Today, nearly 80 percent of people in the United States age 5 or older speak exclusively English at home, according to the latest American Community Survey. For the others who speak another language at home, Spanish is the most common alternative, and more than 60 percent of those Spanish speakers also know English “very well,” the survey finds. Safe to say, we have yet to take up residence in Roosevelt’s boardinghouse.
In 2023, when JD Vance was serving in the Senate, he sponsored the English Language Unity Act. Yet even as he made his case for an official language, Vance unintentionally emphasized the bill’s superfluousness. Stating that English has been a “cornerstone” of American culture for more than two and a half centuries, the future vice president said that “this common-sense legislation recognizes an inherent truth: English is the language of this country.”
If that is already the case — and has been for so long — why bother to propose legislation that mandates a pre-existing reality?
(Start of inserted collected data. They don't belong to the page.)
(* Let $w$ be a metric on a finite set $V$, let $T$ be a minimum spanning tree of $G_w$, and let $\mathcal{T}$ be a collection of pairwise edge-disjoint subtrees of $T$. Then $$\mathsf{TSP}(w)\le 2\cdot \mathsf{MST}(w)-\frac12\sum_{T'\in\mathcal{T}}\mathsf{adv}(T').$$
   Context: $V$ is a finite set with $|V|=n\ge 3$ and $w$ a metric on $V$. $G_w$ is the complete graph on $V$ where the edge (pair) $(u,v)$ has weight $w(u,v)$; for a set (or multiset) $E'$ of pairs, $w(E')=\sum_{e\in E'}w(e)$, and for a subgraph $H$, $w(H)=w(E(H))$. $\mathsf{MST}(w)$ is the weight of a minimum spanning tree of $G_w$ and $\mathsf{TSP}(w)$ is the minimum weight of a Hamiltonian cycle of $G_w$. Fix a minimum spanning tree $T$ of $G_w$. For a pair $e=(u,v)$ of distinct vertices, $P^T_e$ denotes the unique $u$–$v$ path in $T$. An edge $f\in E(T)$ is covered by a pair $e$ iff $f\in E(P^T_e)$ (in particular an edge of $T$ covers exactly itself); $\mathsf{cov}(e)$ is the set of edges of $T$ covered by $e$, and $\mathsf{cov}(E')=\bigcup_{e\in E'}\mathsf{cov}(e)$. For a subtree $T'$ of $T$, $\mathsf{cov}(E',T')=\mathsf{cov}(E')\cap E(T')$, and the cover advantage of $E'$ on $T'$ is $\mathsf{adv}(E',T')=w(\mathsf{cov}(E',T'))-w(E')$. The optimal cover advantage $\mathsf{adv}(T')$ is the maximum of $\mathsf{adv}(E',T')$ over all sets $E'$ of pairs each having at least one endpoint in $V(T')$. *)

theory Defs
  imports Complex_Main
begin
theorem lemma5p3:
  fixes pp pm :: "'d::finite \<Rightarrow> real" and i0 :: 'd
  assumes "\<forall>i. 0 < pp i \<and> pp i \<le> pm i \<and> pm i < 1"
    and "(\<Sum>i\<in>UNIV. pp i + pm i) = 1"
  shows "\<exists>c>0. \<forall>L::nat. L \<ge> 1 \<longrightarrow>
    (\<forall>(M::'a measure) N E J. frog_model M pp pm (sqrt (real L)) N E J \<longrightarrow>
       (\<exists>A\<in>sets M. {\<omega>\<in>space M. rfront i0 N E J (real L) \<omega> < ereal (8 * real L)} \<subseteq> A \<and>
          measure M A \<le> c * real L * exp (- sqrt (real L) / c)))"
proof -
  have pp: "0 < pp i0" using assms(1) by blast
  define \<kappa> where "\<kappa> = relay_const (pp i0)"
  have \<kappa>: "0 < \<kappa>" using pp by (simp add: \<kappa>_def relay_const_def)
  show ?thesis
  proof (intro exI[of _ "max 10 (4 / \<kappa>)"] conjI allI impI)
    fix L :: nat and M :: "'a measure" and N E J
    assume L: "1 \<le> L" and model: "frog_model M pp pm (sqrt (real L)) N E J"
    interpret frog M pp pm "sqrt (real L)" N E J by (rule frog.intro[OF model])
    have "10 * real L * exp (- (sqrt (real L) * (\<kappa> / 4))) \<le>
        max 10 (4 / \<kappa>) * real L * exp (- sqrt (real L) / max 10 (4 / \<kappa>))"
      using exp_decay_le_max_const[OF \<kappa>, of "real L" "sqrt (real L)"] by simp
    then show "\<exists>A\<in>sets M. {\<omega>\<in>space M. rfront i0 N E J (real L) \<omega> < ereal (8 * real L)} \<subseteq> A \<and>
        measure M A \<le> max 10 (4 / \<kappa>) * real L * exp (- sqrt (real L) / max 10 (4 / \<kappa>))"
      using rfront_lag_event_le[OF L refl pp] unfolding \<kappa>_def by (meson order_trans)
  qed simp
qed

end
You may as well introduce a bill declaring water wet and the sun hot.
Under the executive order, federal agencies and recipients of federal funds are no longer required to offer translated documents and other help to people who do not speak English, but nor are they are prohibited from doing so. Yet the symbolism of the move matters enormously, aligning neatly with the administration’s campaign to slash immigration and to depict newcomers as dangerous and alienated and, as Trump has put it, a poison in the American bloodstream.
The order claims that it “celebrates the long tradition of multilingual American citizens who have learned English and passed it to their children.” But you’re not really celebrating multiculturalism if you’re trying to erode it. Being so protective of your culture suggests you’re insecure about its value.
The Trump administration is already trying to curtail what Americans can say; consider its executive order renaming the Gulf of Mexico the Gulf of America and its retaliation against The Associated Press for not following along. Now, with this new order, Trump seeks to shape not just what we say but also how we say it. (It’s no surprise that he highlighted those two initiatives, back to back, in his address to a joint session of Congress on Tuesday night.) A president who treats immigrants like second-class humans is creating second-class languages, too.
But language takes unexpected turns, and its meaning cannot be fixed by presidential diktat. Renaming the Gulf of Mexico seems like a simple-minded, jingoistic move, yet the new name may not always mean what Trump wants it to mean. “Gulf of America” takes on more encompassing connotations if by “America” one includes the northern, central and southern reaches of the continent. Who is to say that someday we won’t read it that way, in whatever language we choose, and that Trump’s executive order will have set us on that path?
El Golfo de las Américas would look just fine on a map.